Task prompt → In the entries that follow, find the word "Defs" and report each line it is on.

══ Source material

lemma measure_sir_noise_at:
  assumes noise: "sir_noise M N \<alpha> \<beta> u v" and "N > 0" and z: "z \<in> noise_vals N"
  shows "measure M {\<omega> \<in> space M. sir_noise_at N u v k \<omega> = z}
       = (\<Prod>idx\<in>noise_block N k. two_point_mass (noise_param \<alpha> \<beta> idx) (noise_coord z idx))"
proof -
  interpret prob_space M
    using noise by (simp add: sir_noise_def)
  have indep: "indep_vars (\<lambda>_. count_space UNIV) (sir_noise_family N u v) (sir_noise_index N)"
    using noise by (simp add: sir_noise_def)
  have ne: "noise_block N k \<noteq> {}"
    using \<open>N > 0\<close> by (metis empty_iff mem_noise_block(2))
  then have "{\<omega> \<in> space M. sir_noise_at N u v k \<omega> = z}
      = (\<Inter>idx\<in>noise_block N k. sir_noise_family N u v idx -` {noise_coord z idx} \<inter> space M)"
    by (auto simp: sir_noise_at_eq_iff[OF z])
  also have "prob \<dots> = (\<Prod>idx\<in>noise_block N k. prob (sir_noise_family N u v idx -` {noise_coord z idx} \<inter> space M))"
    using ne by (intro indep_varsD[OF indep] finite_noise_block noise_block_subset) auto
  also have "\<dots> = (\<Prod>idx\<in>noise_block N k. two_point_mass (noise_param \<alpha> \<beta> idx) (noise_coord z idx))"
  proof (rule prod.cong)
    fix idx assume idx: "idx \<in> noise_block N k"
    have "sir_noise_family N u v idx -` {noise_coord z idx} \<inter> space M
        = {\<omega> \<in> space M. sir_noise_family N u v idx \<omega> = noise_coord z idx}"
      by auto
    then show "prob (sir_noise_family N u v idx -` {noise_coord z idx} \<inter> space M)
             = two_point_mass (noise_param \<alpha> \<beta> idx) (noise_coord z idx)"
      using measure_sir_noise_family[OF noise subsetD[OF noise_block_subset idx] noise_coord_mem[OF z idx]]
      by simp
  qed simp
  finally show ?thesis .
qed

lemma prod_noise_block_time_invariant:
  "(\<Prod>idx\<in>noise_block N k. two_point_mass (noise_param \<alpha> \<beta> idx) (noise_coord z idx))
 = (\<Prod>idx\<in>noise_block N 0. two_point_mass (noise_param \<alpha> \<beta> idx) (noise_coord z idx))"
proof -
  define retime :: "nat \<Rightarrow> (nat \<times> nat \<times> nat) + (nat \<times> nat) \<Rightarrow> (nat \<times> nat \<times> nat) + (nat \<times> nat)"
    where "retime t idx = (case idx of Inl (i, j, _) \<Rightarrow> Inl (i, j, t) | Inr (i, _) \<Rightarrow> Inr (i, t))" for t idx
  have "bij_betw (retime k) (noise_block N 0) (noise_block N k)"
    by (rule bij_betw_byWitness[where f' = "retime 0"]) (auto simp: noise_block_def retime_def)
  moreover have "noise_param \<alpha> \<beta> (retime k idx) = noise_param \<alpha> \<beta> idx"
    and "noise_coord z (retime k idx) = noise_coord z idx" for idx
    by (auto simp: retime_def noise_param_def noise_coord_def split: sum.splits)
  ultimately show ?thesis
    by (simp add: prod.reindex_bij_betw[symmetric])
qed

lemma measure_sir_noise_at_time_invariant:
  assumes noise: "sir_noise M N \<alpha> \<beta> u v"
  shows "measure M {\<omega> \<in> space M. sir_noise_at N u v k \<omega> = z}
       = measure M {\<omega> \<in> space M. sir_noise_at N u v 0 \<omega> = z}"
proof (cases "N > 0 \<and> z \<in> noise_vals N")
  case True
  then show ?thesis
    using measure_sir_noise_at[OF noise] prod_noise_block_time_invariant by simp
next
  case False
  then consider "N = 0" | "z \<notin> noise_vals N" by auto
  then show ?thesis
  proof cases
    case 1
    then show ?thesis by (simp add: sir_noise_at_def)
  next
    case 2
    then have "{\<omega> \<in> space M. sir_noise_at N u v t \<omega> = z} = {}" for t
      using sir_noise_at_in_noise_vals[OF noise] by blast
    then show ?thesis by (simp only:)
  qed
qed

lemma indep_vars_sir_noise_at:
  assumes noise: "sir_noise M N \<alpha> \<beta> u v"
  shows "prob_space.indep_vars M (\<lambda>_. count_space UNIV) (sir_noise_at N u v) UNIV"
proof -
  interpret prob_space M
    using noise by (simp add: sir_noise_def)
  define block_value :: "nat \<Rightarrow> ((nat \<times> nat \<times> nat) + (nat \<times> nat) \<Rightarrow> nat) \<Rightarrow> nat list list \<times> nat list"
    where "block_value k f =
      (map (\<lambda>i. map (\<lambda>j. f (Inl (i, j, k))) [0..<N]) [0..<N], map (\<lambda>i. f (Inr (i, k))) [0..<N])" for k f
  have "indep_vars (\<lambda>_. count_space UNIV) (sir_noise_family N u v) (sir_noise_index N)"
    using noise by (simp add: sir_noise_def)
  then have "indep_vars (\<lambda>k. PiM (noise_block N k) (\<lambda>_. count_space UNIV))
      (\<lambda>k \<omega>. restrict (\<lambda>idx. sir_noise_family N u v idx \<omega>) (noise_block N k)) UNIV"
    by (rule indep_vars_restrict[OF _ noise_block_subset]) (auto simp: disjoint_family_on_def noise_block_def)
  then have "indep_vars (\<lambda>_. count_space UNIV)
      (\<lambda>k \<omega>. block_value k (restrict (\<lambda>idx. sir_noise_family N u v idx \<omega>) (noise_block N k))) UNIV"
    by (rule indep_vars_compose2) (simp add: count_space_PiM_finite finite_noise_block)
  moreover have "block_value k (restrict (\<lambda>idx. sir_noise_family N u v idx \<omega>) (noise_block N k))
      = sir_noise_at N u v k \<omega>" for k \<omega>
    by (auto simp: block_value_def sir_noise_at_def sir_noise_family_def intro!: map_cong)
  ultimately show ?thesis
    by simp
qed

════
══ Source material

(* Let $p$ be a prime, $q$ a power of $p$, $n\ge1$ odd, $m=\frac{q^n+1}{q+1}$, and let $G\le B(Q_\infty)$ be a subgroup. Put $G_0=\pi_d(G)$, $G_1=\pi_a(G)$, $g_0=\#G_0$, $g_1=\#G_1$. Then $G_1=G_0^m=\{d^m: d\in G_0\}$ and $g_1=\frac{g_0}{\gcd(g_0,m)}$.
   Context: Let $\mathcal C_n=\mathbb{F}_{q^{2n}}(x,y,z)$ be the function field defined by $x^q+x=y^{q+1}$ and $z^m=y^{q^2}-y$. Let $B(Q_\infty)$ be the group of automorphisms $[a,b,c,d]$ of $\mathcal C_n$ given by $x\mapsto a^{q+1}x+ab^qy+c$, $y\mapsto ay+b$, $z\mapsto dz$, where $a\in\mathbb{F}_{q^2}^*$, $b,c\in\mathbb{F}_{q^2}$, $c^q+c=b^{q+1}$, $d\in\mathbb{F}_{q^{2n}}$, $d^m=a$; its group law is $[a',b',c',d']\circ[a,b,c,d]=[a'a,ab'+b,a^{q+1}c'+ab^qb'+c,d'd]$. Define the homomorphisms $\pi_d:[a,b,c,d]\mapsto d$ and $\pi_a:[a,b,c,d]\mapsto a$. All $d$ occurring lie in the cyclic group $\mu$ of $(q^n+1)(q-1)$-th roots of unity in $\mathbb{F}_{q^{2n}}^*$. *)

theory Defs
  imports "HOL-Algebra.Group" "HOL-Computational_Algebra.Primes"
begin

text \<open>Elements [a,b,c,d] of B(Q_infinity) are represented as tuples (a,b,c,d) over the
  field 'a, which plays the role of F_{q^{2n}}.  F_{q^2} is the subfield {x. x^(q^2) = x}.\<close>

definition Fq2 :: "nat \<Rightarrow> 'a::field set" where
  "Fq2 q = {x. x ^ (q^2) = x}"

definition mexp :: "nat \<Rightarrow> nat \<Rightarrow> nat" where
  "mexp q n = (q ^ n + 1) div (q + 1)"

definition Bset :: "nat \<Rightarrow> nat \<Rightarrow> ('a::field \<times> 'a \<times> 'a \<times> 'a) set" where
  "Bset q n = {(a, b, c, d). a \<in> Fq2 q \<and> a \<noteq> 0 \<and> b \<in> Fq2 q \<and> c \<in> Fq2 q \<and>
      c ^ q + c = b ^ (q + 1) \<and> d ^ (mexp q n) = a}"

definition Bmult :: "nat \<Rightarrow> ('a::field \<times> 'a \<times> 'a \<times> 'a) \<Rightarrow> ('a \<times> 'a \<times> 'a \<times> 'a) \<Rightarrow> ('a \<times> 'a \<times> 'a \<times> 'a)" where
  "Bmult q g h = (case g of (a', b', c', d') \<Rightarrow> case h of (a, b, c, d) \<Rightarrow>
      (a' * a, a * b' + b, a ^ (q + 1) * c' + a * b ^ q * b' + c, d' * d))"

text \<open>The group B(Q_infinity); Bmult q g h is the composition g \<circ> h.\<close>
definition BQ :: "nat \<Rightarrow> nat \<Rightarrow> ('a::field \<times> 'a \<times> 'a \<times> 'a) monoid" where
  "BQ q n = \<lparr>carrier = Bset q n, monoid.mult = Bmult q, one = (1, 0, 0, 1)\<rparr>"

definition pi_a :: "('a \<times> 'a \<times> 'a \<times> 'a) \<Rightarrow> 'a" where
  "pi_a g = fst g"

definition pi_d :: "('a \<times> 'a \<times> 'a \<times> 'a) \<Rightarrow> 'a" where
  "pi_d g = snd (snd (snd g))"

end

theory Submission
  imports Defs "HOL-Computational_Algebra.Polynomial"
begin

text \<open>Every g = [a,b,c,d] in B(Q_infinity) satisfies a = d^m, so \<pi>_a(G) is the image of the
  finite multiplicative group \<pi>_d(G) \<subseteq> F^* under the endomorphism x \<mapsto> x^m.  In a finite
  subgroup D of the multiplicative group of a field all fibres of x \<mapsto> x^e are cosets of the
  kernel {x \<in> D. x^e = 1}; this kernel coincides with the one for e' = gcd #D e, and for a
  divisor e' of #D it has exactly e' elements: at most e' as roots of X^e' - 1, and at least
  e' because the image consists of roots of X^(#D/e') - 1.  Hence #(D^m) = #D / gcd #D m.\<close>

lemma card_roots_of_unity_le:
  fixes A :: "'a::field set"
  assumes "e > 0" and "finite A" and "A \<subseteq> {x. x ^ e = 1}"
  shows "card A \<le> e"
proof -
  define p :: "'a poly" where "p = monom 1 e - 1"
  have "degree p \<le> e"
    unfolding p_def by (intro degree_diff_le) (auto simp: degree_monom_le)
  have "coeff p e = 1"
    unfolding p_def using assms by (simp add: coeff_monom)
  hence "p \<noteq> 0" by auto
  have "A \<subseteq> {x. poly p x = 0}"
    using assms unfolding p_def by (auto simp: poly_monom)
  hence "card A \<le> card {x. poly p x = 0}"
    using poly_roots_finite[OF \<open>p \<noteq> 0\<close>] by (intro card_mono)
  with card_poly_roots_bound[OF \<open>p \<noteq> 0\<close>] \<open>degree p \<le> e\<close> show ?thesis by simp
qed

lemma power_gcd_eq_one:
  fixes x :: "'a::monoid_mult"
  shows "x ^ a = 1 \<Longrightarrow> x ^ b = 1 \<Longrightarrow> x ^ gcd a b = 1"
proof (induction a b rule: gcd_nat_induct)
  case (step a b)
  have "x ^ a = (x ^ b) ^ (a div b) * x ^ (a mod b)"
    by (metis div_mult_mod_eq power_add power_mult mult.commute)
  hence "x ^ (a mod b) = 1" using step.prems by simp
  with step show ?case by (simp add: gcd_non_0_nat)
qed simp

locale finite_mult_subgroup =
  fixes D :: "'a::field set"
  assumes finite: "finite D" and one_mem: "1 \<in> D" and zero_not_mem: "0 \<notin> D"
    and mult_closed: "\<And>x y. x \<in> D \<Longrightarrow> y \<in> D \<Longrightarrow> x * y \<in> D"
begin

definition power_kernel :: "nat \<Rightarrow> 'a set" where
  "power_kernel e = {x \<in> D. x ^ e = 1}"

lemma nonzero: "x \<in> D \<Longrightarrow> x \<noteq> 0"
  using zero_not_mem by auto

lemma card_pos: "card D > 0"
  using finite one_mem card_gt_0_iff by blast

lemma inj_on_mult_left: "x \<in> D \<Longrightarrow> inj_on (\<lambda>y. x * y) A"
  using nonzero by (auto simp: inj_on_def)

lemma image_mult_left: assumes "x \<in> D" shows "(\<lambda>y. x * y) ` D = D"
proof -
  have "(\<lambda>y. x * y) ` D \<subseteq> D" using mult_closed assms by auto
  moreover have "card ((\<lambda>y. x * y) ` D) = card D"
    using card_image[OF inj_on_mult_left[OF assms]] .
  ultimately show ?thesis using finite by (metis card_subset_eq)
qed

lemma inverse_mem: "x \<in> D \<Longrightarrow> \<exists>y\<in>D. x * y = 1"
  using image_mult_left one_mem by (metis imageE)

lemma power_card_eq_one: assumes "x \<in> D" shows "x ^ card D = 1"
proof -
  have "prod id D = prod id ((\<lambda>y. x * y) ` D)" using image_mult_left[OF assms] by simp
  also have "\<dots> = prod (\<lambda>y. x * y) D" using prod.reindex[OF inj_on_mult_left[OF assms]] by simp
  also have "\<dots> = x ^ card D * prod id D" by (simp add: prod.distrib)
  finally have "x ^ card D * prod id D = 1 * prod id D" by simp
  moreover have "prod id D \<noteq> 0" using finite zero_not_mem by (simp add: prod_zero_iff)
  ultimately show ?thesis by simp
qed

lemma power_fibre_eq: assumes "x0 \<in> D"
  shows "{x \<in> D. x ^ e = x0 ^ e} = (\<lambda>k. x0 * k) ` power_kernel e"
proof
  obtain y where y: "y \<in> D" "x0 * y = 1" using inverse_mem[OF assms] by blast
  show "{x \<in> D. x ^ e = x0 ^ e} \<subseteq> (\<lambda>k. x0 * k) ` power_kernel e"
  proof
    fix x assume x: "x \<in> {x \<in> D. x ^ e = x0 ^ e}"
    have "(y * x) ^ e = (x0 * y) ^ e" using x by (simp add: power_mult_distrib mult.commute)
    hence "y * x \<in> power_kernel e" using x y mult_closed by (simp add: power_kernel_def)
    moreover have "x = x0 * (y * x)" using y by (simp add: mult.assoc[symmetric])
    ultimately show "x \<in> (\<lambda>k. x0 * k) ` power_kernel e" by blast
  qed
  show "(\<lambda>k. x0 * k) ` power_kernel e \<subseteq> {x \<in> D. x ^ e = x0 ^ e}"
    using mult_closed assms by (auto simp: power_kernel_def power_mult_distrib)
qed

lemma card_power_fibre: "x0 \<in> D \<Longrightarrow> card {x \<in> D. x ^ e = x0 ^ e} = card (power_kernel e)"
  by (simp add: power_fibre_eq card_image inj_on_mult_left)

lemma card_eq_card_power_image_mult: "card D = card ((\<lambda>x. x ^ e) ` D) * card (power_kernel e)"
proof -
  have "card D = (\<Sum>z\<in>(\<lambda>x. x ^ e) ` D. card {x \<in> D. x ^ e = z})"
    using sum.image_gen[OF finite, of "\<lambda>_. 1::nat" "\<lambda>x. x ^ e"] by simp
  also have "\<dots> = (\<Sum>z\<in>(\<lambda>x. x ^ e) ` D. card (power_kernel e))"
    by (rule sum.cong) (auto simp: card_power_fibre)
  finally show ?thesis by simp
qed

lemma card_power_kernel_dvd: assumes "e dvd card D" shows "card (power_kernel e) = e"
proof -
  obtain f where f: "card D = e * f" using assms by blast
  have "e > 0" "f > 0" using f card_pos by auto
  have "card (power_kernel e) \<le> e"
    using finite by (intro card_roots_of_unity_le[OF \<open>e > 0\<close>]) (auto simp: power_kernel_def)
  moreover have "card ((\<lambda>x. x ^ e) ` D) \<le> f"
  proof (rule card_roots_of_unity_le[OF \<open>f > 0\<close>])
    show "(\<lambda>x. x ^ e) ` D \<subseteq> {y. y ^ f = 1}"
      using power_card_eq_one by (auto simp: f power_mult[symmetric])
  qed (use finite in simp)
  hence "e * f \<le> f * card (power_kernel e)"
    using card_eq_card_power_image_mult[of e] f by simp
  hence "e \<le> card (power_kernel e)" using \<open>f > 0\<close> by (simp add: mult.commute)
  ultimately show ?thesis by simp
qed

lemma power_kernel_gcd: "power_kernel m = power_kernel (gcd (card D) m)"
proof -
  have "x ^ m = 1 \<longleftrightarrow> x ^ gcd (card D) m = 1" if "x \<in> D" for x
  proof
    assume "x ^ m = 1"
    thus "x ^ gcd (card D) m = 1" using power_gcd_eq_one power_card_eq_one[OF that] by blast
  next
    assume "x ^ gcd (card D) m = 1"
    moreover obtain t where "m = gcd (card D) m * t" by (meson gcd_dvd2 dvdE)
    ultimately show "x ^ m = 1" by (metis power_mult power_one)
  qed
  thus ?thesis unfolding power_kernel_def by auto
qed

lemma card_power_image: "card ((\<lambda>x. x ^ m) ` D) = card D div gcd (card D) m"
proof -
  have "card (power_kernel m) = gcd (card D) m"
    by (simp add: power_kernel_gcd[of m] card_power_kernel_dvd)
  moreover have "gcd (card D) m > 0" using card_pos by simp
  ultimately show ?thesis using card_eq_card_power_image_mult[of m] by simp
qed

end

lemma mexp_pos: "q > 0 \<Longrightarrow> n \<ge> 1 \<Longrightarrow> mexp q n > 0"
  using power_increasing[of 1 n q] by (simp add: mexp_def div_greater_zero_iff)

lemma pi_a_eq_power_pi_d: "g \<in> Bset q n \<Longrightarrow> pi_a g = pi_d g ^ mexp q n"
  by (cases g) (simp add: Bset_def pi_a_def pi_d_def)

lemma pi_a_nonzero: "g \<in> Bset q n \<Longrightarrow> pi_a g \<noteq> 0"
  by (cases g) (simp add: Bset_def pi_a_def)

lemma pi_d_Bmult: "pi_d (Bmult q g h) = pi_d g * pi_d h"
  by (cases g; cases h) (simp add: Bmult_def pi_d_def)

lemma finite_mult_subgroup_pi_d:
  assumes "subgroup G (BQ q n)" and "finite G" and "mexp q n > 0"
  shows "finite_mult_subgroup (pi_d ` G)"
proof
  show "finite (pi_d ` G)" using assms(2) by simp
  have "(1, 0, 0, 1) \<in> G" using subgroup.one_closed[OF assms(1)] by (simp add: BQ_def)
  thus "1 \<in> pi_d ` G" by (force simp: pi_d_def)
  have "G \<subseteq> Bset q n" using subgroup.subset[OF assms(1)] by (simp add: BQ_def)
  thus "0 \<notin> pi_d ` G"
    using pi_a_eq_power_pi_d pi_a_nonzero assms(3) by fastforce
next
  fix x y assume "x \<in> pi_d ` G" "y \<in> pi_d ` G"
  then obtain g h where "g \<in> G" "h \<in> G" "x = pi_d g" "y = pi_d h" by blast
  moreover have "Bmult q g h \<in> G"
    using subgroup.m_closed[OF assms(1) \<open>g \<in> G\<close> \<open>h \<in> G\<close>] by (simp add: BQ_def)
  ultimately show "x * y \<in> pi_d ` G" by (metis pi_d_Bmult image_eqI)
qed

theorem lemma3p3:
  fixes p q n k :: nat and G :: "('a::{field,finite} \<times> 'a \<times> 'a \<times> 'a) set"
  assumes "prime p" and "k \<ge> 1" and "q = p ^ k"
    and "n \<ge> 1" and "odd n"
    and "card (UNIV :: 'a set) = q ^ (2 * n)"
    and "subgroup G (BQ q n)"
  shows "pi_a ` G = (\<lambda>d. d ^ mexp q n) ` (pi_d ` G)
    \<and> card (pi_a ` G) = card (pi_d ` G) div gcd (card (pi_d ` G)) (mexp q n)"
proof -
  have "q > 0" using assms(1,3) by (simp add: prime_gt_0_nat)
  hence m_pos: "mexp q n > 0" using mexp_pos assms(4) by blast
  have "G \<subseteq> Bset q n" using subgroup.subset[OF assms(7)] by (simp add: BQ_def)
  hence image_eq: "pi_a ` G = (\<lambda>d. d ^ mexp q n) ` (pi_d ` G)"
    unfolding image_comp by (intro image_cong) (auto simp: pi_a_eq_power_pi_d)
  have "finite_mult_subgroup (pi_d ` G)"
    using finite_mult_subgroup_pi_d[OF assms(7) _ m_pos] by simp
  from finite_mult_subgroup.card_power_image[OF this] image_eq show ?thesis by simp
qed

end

════

Response box →
theory Defs
  imports Defs "HOL-Computational_Algebra.Polynomial"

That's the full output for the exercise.